Shortcut to bulk rna-seq protocol
Shortcut to single cell protocol
Link to Cloud-based RNA-Seq web application
CellNet is a network-biology-based, computational platform that assesses the fidelity of cellular engineering and generates hypotheses for improving cell derivations. CellNet is based on the reconstruction of cell type-specific gene regulatory networks (GRNs), which we performed using publicly available RNA-Seq data of 16 mouse and 16 human cell and tissue types. For now, there are two ways to run CellNet for RNA-Seq data. You can run it as a command line tool on the cloud through Amazon Web Services (recommended), or you can run it locally (not recommended). Here we provide a 'bare-bones' walk-thru of how to apply CellNet to your RNA-Seq data.

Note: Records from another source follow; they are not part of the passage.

(* If $X$ is a path connected, indecomposable topological quandle, then $H_0(X)\cong\mathbb{Z}$.
   Context: A quandle is a set with a binary operation $\triangleright$ such that $x\triangleright x=x$, each $\beta_y(x)=x\triangleright y$ is bijective, and $(x\triangleright y)\triangleright z=(x\triangleright z)\triangleright(y\triangleright z)$; write $x\triangleright^{-1}y=\beta_y^{-1}(x)$. A topological quandle is a topological space with a continuous quandle operation such that every $\beta_y$ is a homeomorphism. A quandle $X$ is indecomposable if for every $x,y\in X$ there exist $y_1,\dots,y_n\in X$ and $e_1,\dots,e_n\in\{-1,1\}$ with $x=(\cdots((y\triangleright^{e_1}y_1)\triangleright^{e_2}y_2)\cdots)\triangleright^{e_n}y_n$. $C_0(X)$ is the free abelian group on points of $X$ (constant 0-simplices $\sigma_x$), $C_1(X)$ the free abelian group on paths $\sigma:[0,1]\to X$; for a path $\sigma_{[a,b]}$ from $a$ to $b$, $\partial_1\sigma_{[a,b]}=\sigma_a-\sigma_{a\triangleright b}$. $H_0(X)=C_0(X)/\partial_1(C_1(X))$. (This is degree $0$ of the chain complex where $C_n(X)$ is free on singular $n$-simplices $\sigma_{[x_1,\dots,x_{n+1}]}$, $x_i=\sigma(e_{i-1})$, with $\partial_n\sigma=\sum_{i=2}^{n+1}(-1)^i(d_i\sigma-d_i\sigma\triangleright s_i\sigma)$, $d_i\sigma$ the face omitting $x_i$, $s_i\sigma$ the simplex $\sigma\circ\iota_i$ with vertices $x_i,\dots,x_i,x_{i+1},\dots,x_{n+1}$, and $\triangleright$ applied pointwise.) *)

theory Defs
  imports "HOL-Analysis.Analysis" "HOL-Algebra.Free_Abelian_Groups" "HOL-Algebra.Elementary_Groups"
    "HOL-Algebra.Coset"
begin

definition quandle_on :: "'a set \<Rightarrow> ('a \<Rightarrow> 'a \<Rightarrow> 'a) \<Rightarrow> bool" where
  "quandle_on S qop \<longleftrightarrow>
     (\<forall>x\<in>S. \<forall>y\<in>S. qop x y \<in> S) \<and>
     (\<forall>x\<in>S. qop x x = x) \<and>
     (\<forall>y\<in>S. bij_betw (\<lambda>x. qop x y) S S) \<and>
     (\<forall>x\<in>S. \<forall>y\<in>S. \<forall>z\<in>S. qop (qop x y) z = qop (qop x z) (qop y z))"

definition topological_quandle :: "'a topology \<Rightarrow> ('a \<Rightarrow> 'a \<Rightarrow> 'a) \<Rightarrow> bool" where
  "topological_quandle X qop \<longleftrightarrow>
     quandle_on (topspace X) qop \<and>
     continuous_map (prod_topology X X) X (\<lambda>(x, y). qop x y) \<and>
     (\<forall>y\<in>topspace X. homeomorphic_map X X (\<lambda>x. qop x y))"

text \<open>x \<triangleright>^e y for e = True (exponent 1) or e = False (exponent -1).\<close>
definition qop_pow :: "'a set \<Rightarrow> ('a \<Rightarrow> 'a \<Rightarrow> 'a) \<Rightarrow> 'a \<Rightarrow> bool \<Rightarrow> 'a \<Rightarrow> 'a" where
  "qop_pow S qop x e y = (if e then qop x y else inv_into S (\<lambda>z. qop z y) x)"

definition indecomposable :: "'a set \<Rightarrow> ('a \<Rightarrow> 'a \<Rightarrow> 'a) \<Rightarrow> bool" where
  "indecomposable S qop \<longleftrightarrow>
     (\<forall>x\<in>S. \<forall>y\<in>S. \<exists>ys es. length es = length ys \<and> set ys \<subseteq> S \<and>
        x = foldl (\<lambda>a (yi, ei). qop_pow S qop a ei yi) y (zip ys es))"

definition C0 :: "'a topology \<Rightarrow> ('a \<Rightarrow>\<^sub>0 int) monoid" where
  "C0 X = free_Abelian_group (topspace X)"

definition C1 :: "'a topology \<Rightarrow> ((real \<Rightarrow> 'a) \<Rightarrow>\<^sub>0 int) monoid" where
  "C1 X = free_Abelian_group {g. pathin X g}"

definition bd1 :: "('a \<Rightarrow> 'a \<Rightarrow> 'a) \<Rightarrow> ((real \<Rightarrow> 'a) \<Rightarrow>\<^sub>0 int) \<Rightarrow> ('a \<Rightarrow>\<^sub>0 int)" where
  "bd1 qop = frag_extend (\<lambda>g. frag_of (g 0) - frag_of (qop (g 0) (g 1)))"

definition H0 :: "'a topology \<Rightarrow> ('a \<Rightarrow> 'a \<Rightarrow> 'a) \<Rightarrow> ('a \<Rightarrow>\<^sub>0 int) set monoid" where
  "H0 X qop = C0 X Mod (bd1 qop ` carrier (C1 X))"

end

theory Submission
  imports Defs
begin

text \<open>The augmentation \<open>C\<^sub>0(X) \<rightarrow> \<int>\<close> (sum of coefficients) is onto and kills every boundary
  \<open>\<sigma>\<^sub>a - \<sigma>\<^bsub>a \<triangleright> b\<^esub>\<close>, so \<open>H\<^sub>0(X) \<cong> \<int>\<close> once its kernel consists of boundaries, i.e. once
  \<open>\<sigma>\<^sub>a - \<sigma>\<^sub>b\<close> is a boundary for all points \<open>a, b\<close>. A path from \<open>a\<close> to \<open>b\<close> has boundary
  \<open>\<sigma>\<^sub>a - \<sigma>\<^bsub>a \<triangleright> b\<^esub>\<close>, so the equivalence relation "\<open>\<sigma>\<^sub>a - \<sigma>\<^sub>b\<close> is a boundary" relates \<open>a\<close>
  to \<open>a \<triangleright> b\<close>, hence also to \<open>a \<triangleright>\<^sup>-\<^sup>1 b\<close>; by indecomposability it relates any two points.\<close>

text \<open>Sum of the coefficients, computed as the chain pushed forward to the one-point space.\<close>

definition augmentation :: "('a \<Rightarrow>\<^sub>0 int) \<Rightarrow> int" where
  "augmentation c = Poly_Mapping.lookup (frag_extend (\<lambda>_. frag_of ()) c) ()"

lemma augmentation_0 [simp]: "augmentation 0 = 0"
  by (simp add: augmentation_def)

lemma augmentation_frag_of [simp]: "augmentation (frag_of x) = 1"
  by (simp add: augmentation_def)

lemma augmentation_diff [simp]: "augmentation (a - b) = augmentation a - augmentation b"
  by (simp add: augmentation_def frag_extend_diff lookup_minus)

lemma augmentation_add [simp]: "augmentation (a + b) = augmentation a + augmentation b"
  by (simp add: augmentation_def frag_extend_add lookup_add)

lemma augmentation_cmul [simp]: "augmentation (frag_cmul n a) = n * augmentation a"
  by (simp add: augmentation_def frag_extend_cmul)

lemma augmentation_hom: "augmentation \<in> hom (free_Abelian_group S) integer_group"
  by (rule homI) simp_all

lemma subgroup_free_Abelian_group_uminus_closed:
  assumes "subgroup B (free_Abelian_group S)" "a \<in> B"
  shows "- a \<in> B"
  using subgroup.m_inv_closed[OF assms] subgroup.mem_carrier[OF assms] by simp

lemma subgroup_free_Abelian_group_diff_closed:
  assumes "subgroup B (free_Abelian_group S)" "a \<in> B" "b \<in> B"
  shows "a - b \<in> B"
  using subgroup.m_closed[OF assms(1,2) subgroup_free_Abelian_group_uminus_closed[OF assms(1,3)]]
  by simp

lemma kernel_augmentation_eq:
  assumes B: "subgroup B (free_Abelian_group S)" and aug: "\<And>c. c \<in> B \<Longrightarrow> augmentation c = 0"
    and "x\<^sub>0 \<in> S" and gen: "\<And>x. x \<in> S \<Longrightarrow> frag_of x - frag_of x\<^sub>0 \<in> B"
  shows "kernel (free_Abelian_group S) integer_group augmentation = B"
proof
  show "B \<subseteq> kernel (free_Abelian_group S) integer_group augmentation"
  proof
    fix c assume "c \<in> B"
    then show "c \<in> kernel (free_Abelian_group S) integer_group augmentation"
      using subgroup.mem_carrier[OF B \<open>c \<in> B\<close>] aug by (simp add: kernel_def)
  qed
next
  show "kernel (free_Abelian_group S) integer_group augmentation \<subseteq> B"
  proof
    fix c assume "c \<in> kernel (free_Abelian_group S) integer_group augmentation"
    then have c: "Poly_Mapping.keys c \<subseteq> S" "augmentation c = 0"
      by (auto simp: kernel_def)
    have "c - frag_cmul (augmentation c) (frag_of x\<^sub>0) \<in> B"
      using c(1)
    proof (induction c rule: frag_induction)
      case zero
      then show ?case
        using subgroup.one_closed[OF B] by simp
    next
      case (one x)
      then show ?case
        using gen by simp
    next
      case (diff a b)
      then show ?case
        using subgroup_free_Abelian_group_diff_closed[OF B diff]
        by (simp add: frag_cmul_diff_distrib algebra_simps)
    qed
    with c show "c \<in> B"
      by simp
  qed
qed

lemma free_Abelian_group_Mod_kernel_augmentation:
  assumes "S \<noteq> {}"
  shows "free_Abelian_group S Mod kernel (free_Abelian_group S) integer_group augmentation
    \<cong> integer_group"
proof (rule group_hom.FactGroup_iso)
  show "group_hom (free_Abelian_group S) integer_group augmentation"
    by (simp add: group_hom_def group_hom_axioms_def augmentation_hom)
  obtain x\<^sub>0 where "x\<^sub>0 \<in> S"
    using assms by blast
  have "n \<in> augmentation ` carrier (free_Abelian_group S)" for n
  proof
    show "n = augmentation (frag_cmul n (frag_of x\<^sub>0))"
      by simp
    show "frag_cmul n (frag_of x\<^sub>0) \<in> carrier (free_Abelian_group S)"
      using keys_cmul[of n "frag_of x\<^sub>0"] \<open>x\<^sub>0 \<in> S\<close> by auto
  qed
  then show "augmentation ` carrier (free_Abelian_group S) = carrier integer_group"
    by auto
qed

lemma quandle_on_qop_pow_in:
  assumes "quandle_on S qop" "x \<in> S" "y \<in> S"
  shows "qop_pow S qop x e y \<in> S"
  using assms by (auto simp: quandle_on_def qop_pow_def bij_betw_def inv_into_into)

lemma quandle_on_qop_qop_pow_False:
  assumes "quandle_on S qop" "x \<in> S" "y \<in> S"
  shows "qop (qop_pow S qop x False y) y = x"
proof -
  have "x \<in> (\<lambda>z. qop z y) ` S"
    using assms by (simp add: quandle_on_def bij_betw_def)
  from f_inv_into_f[OF this] show ?thesis
    by (simp add: qop_pow_def)
qed

lemma indecomposable_quandle_related:
  assumes Q: "quandle_on S qop" and "indecomposable S qop"
    and sym: "\<And>x y. R x y \<Longrightarrow> R y x" and trans: "\<And>x y z. R x y \<Longrightarrow> R y z \<Longrightarrow> R x z"
    and step: "\<And>x y. x \<in> S \<Longrightarrow> y \<in> S \<Longrightarrow> R x (qop x y)"
    and "x \<in> S" "y \<in> S"
  shows "R x y"
proof -
  have refl: "R x x" if "x \<in> S" for x
    using step[OF that that] Q that by (simp add: quandle_on_def)
  have pow: "R x (qop_pow S qop x e y)" if "x \<in> S" "y \<in> S" for x y e
  proof (cases e)
    case True
    then show ?thesis
      using step[OF that] by (simp add: qop_pow_def)
  next
    case False
    then show ?thesis
      using sym step[OF quandle_on_qop_pow_in[OF Q that, of False] that(2)]
      by (simp add: quandle_on_qop_qop_pow_False[OF Q that])
  qed
  define act where "act = (\<lambda>a (yi, ei). qop_pow S qop a ei yi)"
  have act: "act a p \<in> S" "R a (act a p)" if "a \<in> S" "fst p \<in> S" for a p
    using that pow quandle_on_qop_pow_in[OF Q] by (auto simp: act_def split: prod.split)
  have fold: "foldl act a zs \<in> S \<and> R a (foldl act a zs)"
    if "a \<in> S" "fst ` set zs \<subseteq> S" for a zs
    using that
  proof (induction zs arbitrary: a)
    case Nil
    then show ?case
      by (simp add: refl)
  next
    case (Cons p zs)
    have "act a p \<in> S" "R a (act a p)"
      using act Cons.prems by auto
    moreover from this(1) have "foldl act (act a p) zs \<in> S \<and> R (act a p) (foldl act (act a p) zs)"
      using Cons.IH Cons.prems(2) by simp
    ultimately show ?case
      using trans[of a "act a p"] by simp
  qed
  obtain ys es where "set ys \<subseteq> S" and x: "x = foldl act y (zip ys es)"
    using assms(2,6,7) unfolding indecomposable_def act_def by blast
  then have "fst ` set (zip ys es) \<subseteq> S"
    by (auto dest: set_zip_leftD)
  then have "R y x"
    using fold[OF \<open>y \<in> S\<close>] x by simp
  then show ?thesis
    by (rule sym)
qed

lemma bd1_hom:
  assumes "\<And>x y. x \<in> topspace X \<Longrightarrow> y \<in> topspace X \<Longrightarrow> qop x y \<in> topspace X"
  shows "bd1 qop \<in> hom (C1 X) (C0 X)"
proof (rule homI)
  fix c assume "c \<in> carrier (C1 X)"
  then have paths: "pathin X g" if "g \<in> Poly_Mapping.keys c" for g
    using that by (auto simp: C1_def)
  have "Poly_Mapping.keys (bd1 qop c)
      \<subseteq> (\<Union>g \<in> Poly_Mapping.keys c. Poly_Mapping.keys (frag_of (g 0) - frag_of (qop (g 0) (g 1))))"
    unfolding bd1_def by (rule keys_frag_extend)
  also have "\<dots> \<subseteq> topspace X"
  proof (rule UN_least)
    fix g assume "g \<in> Poly_Mapping.keys c"
    then have "g 0 \<in> topspace X" "qop (g 0) (g 1) \<in> topspace X"
      using paths path_start_in_topspace path_finish_in_topspace assms by blast+
    then show "Poly_Mapping.keys (frag_of (g 0) - frag_of (qop (g 0) (g 1))) \<subseteq> topspace X"
      using keys_diff[of "frag_of (g 0)" "frag_of (qop (g 0) (g 1))"] by auto
  qed
  finally show "bd1 qop c \<in> carrier (C0 X)"
    by (simp add: C0_def)
qed (simp add: bd1_def C0_def C1_def frag_extend_add)

lemma augmentation_bd1 [simp]: "augmentation (bd1 qop c) = 0"
  unfolding bd1_def using subset_UNIV
  by (induction c rule: frag_induction) (simp_all add: frag_extend_diff)

lemma subgroup_boundaries:
  assumes "\<And>x y. x \<in> topspace X \<Longrightarrow> y \<in> topspace X \<Longrightarrow> qop x y \<in> topspace X"
  shows "subgroup (bd1 qop ` carrier (C1 X)) (C0 X)"
proof (rule group_hom.img_is_subgroup)
  show "group_hom (C1 X) (C0 X) (bd1 qop)"
    using bd1_hom[OF assms] by (simp add: group_hom_def group_hom_axioms_def C0_def C1_def)
qed

lemma frag_of_diff_qop_in_boundaries:
  assumes "path_connected_space X" "x \<in> topspace X" "y \<in> topspace X"
  shows "frag_of x - frag_of (qop x y) \<in> bd1 qop ` carrier (C1 X)"
proof -
  obtain g where "pathin X g" "g 0 = x" "g 1 = y"
    using assms unfolding path_connected_space_def by blast
  then have "frag_of g \<in> carrier (C1 X)" "bd1 qop (frag_of g) = frag_of x - frag_of (qop x y)"
    by (simp_all add: C1_def bd1_def)
  then show ?thesis
    by (metis image_eqI)
qed

lemma frag_of_diff_in_boundaries:
  assumes Q: "quandle_on (topspace X) qop" and "path_connected_space X"
    and "indecomposable (topspace X) qop" and "x \<in> topspace X" "y \<in> topspace X"
  shows "frag_of x - frag_of y \<in> bd1 qop ` carrier (C1 X)"
proof (rule indecomposable_quandle_related[OF Q assms(3) _ _ _ assms(4,5)])
  have B: "subgroup (bd1 qop ` carrier (C1 X)) (free_Abelian_group (topspace X))"
    using subgroup_boundaries[of X qop] Q by (simp add: quandle_on_def C0_def)
  show "frag_of y - frag_of x \<in> bd1 qop ` carrier (C1 X)"
    if "frag_of x - frag_of y \<in> bd1 qop ` carrier (C1 X)" for x y
    using subgroup_free_Abelian_group_uminus_closed[OF B that] by simp
  show "frag_of x - frag_of z \<in> bd1 qop ` carrier (C1 X)"
    if "frag_of x - frag_of y \<in> bd1 qop ` carrier (C1 X)"
      "frag_of y - frag_of z \<in> bd1 qop ` carrier (C1 X)" for x y z
    using subgroup.m_closed[OF B that] by simp
qed (use frag_of_diff_qop_in_boundaries[OF assms(2)] in blast)

theorem mainTheorem5:
  fixes X :: "'a topology" and qop :: "'a \<Rightarrow> 'a \<Rightarrow> 'a"
  assumes "topspace X \<noteq> {}"
    and "topological_quandle X qop"
    and "path_connected_space X"
    and "indecomposable (topspace X) qop"
  shows "H0 X qop \<cong> integer_group"
proof -
  have Q: "quandle_on (topspace X) qop"
    using assms(2) by (simp add: topological_quandle_def)
  then have B: "subgroup (bd1 qop ` carrier (C1 X)) (free_Abelian_group (topspace X))"
    using subgroup_boundaries[of X qop] by (simp add: quandle_on_def C0_def)
  obtain x\<^sub>0 where x\<^sub>0: "x\<^sub>0 \<in> topspace X"
    using assms(1) by blast
  have "kernel (free_Abelian_group (topspace X)) integer_group augmentation
      = bd1 qop ` carrier (C1 X)"
    using B x\<^sub>0 frag_of_diff_in_boundaries[OF Q assms(3,4) _ x\<^sub>0]
    by (intro kernel_augmentation_eq) auto
  then show ?thesis
    using free_Abelian_group_Mod_kernel_augmentation[OF assms(1)] by (simp add: H0_def C0_def)
qed

end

The public CellNet Amazon Machine Image (AMI), available on Amazon Web Services (AWS), has all of the prerequisite software and libraries pre-installed. Because of this and the scalable computing capacity of AWS, we highly recommend that you use AWS to run CellNet for RNA-Seq data instead of running it locally. If you are unfamiliar with AWS or cloud computing in general, we recommend the following links for further information:
- Cloud Computing concepts
- Amazon's Elastic Compute Cloud (EC2)
- Amazon Machine Images
- Amazon's Simple Storage Service (S3)
The CellNet AMI (CellNet ami-62065e75) is available in the AWS US East 1 region (N. Virginia region). Running CellNet on AWS requires uploading your raw data (in the form of .fastq files) either directly to your running instance on AWS EC2, or to S3 and then to your instance. To learn about transferring your fastq files directly to your instance, see Transferring files to Linux machines using SCP. Note that Amazon charges by the hour for compute resources ($1.68/hour for a c3.8xlarge EC2 instance type). On average, it takes up to 2 hours to run a complete CellNet analysis for 144GB of raw data (9 samples of 16GB each).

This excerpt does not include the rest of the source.